Data shown:
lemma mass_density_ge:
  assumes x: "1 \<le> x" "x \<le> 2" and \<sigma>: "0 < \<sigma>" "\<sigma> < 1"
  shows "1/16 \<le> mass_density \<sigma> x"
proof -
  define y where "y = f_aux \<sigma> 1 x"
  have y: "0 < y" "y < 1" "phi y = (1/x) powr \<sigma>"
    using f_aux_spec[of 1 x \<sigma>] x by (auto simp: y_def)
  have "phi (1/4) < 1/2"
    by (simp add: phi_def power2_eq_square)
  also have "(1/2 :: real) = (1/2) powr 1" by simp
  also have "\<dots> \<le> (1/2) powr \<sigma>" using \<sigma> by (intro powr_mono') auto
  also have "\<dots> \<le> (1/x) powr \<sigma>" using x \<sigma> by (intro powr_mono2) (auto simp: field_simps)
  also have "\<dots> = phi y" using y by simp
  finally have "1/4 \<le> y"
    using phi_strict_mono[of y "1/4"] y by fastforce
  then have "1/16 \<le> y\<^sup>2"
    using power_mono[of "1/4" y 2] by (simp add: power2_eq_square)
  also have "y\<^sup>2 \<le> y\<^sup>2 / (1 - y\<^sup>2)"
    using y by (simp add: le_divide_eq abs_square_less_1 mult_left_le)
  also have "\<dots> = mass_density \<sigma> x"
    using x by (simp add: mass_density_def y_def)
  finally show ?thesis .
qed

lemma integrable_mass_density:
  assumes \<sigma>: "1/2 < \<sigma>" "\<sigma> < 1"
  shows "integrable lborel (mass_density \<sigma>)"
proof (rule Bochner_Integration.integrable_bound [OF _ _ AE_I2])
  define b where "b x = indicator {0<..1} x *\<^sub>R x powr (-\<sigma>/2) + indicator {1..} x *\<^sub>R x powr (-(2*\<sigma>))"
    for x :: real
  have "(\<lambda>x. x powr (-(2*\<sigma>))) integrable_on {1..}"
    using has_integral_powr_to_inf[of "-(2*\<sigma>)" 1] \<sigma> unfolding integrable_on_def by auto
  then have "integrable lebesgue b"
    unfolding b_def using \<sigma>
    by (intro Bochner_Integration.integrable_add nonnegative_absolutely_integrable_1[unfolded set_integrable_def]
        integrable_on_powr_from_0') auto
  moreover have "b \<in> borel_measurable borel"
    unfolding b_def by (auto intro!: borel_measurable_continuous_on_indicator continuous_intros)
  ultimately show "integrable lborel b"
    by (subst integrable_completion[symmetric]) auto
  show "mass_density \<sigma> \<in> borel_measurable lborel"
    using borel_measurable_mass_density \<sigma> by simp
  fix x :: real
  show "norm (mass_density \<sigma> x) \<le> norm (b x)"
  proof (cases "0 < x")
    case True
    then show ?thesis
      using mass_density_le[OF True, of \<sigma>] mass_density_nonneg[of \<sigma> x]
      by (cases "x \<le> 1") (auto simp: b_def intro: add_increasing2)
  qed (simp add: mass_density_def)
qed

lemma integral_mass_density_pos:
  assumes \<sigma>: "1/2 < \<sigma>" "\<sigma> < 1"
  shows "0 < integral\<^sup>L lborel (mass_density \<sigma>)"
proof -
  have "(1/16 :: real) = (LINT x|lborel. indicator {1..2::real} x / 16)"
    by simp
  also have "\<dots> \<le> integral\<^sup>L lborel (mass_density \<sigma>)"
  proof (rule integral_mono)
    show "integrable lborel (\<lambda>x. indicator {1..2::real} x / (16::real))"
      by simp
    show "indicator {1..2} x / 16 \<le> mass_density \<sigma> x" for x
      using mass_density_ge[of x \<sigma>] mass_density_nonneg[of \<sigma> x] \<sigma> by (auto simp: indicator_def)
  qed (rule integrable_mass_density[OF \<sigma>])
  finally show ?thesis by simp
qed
...
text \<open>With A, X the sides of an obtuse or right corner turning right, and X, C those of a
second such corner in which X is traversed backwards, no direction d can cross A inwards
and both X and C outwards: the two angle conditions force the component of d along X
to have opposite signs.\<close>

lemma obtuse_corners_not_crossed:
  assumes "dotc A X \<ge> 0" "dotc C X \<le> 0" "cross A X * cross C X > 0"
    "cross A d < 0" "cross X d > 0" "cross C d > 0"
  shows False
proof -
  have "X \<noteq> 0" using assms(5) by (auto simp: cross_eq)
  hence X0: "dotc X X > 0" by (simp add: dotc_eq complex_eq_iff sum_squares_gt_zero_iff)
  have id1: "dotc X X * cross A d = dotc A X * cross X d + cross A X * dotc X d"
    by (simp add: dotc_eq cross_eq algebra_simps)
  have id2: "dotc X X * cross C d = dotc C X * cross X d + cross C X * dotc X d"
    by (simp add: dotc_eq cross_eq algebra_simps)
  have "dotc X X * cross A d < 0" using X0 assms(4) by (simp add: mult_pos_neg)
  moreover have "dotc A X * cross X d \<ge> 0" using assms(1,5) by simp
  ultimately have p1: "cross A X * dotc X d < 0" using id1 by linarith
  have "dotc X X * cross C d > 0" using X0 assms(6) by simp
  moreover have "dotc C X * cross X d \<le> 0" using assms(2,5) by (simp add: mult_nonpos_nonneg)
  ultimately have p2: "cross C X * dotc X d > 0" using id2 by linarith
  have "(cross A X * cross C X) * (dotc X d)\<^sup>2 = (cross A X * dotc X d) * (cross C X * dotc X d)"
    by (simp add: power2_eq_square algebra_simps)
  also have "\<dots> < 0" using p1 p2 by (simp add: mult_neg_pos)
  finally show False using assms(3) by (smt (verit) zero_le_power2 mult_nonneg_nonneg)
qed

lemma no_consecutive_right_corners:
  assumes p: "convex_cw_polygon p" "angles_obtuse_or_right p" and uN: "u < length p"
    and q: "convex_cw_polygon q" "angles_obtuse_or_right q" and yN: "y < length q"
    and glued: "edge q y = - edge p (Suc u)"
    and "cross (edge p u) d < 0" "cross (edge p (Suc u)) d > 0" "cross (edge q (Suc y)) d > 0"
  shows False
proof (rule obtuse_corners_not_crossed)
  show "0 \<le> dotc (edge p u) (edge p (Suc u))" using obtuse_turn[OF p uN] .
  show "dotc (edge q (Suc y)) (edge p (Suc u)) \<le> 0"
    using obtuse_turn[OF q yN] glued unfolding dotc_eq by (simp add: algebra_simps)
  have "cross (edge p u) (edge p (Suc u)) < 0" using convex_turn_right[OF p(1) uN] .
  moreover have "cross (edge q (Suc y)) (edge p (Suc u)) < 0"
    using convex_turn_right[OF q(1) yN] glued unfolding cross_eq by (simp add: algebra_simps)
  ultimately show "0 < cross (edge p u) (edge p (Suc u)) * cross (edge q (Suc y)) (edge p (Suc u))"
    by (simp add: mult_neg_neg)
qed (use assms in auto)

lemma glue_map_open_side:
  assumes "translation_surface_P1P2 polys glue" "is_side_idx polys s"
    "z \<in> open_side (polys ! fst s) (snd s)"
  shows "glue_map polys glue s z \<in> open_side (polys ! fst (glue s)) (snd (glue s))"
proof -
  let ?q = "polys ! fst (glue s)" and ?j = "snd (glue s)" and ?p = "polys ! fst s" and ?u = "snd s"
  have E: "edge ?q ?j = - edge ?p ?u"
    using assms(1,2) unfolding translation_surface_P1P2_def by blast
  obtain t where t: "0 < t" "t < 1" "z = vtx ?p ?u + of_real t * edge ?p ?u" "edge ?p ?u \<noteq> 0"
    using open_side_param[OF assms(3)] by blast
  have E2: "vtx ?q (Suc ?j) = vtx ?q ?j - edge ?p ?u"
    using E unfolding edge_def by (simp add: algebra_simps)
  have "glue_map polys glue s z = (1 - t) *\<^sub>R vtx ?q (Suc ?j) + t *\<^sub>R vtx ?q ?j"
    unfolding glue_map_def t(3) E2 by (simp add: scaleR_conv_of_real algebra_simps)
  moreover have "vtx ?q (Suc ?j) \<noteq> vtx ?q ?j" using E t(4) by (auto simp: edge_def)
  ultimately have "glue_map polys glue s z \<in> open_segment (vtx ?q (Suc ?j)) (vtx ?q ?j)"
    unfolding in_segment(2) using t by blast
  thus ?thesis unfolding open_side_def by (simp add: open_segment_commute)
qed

Work to be completed:
For the data above, state only how many lines include the word "cases".

Exercise response:
2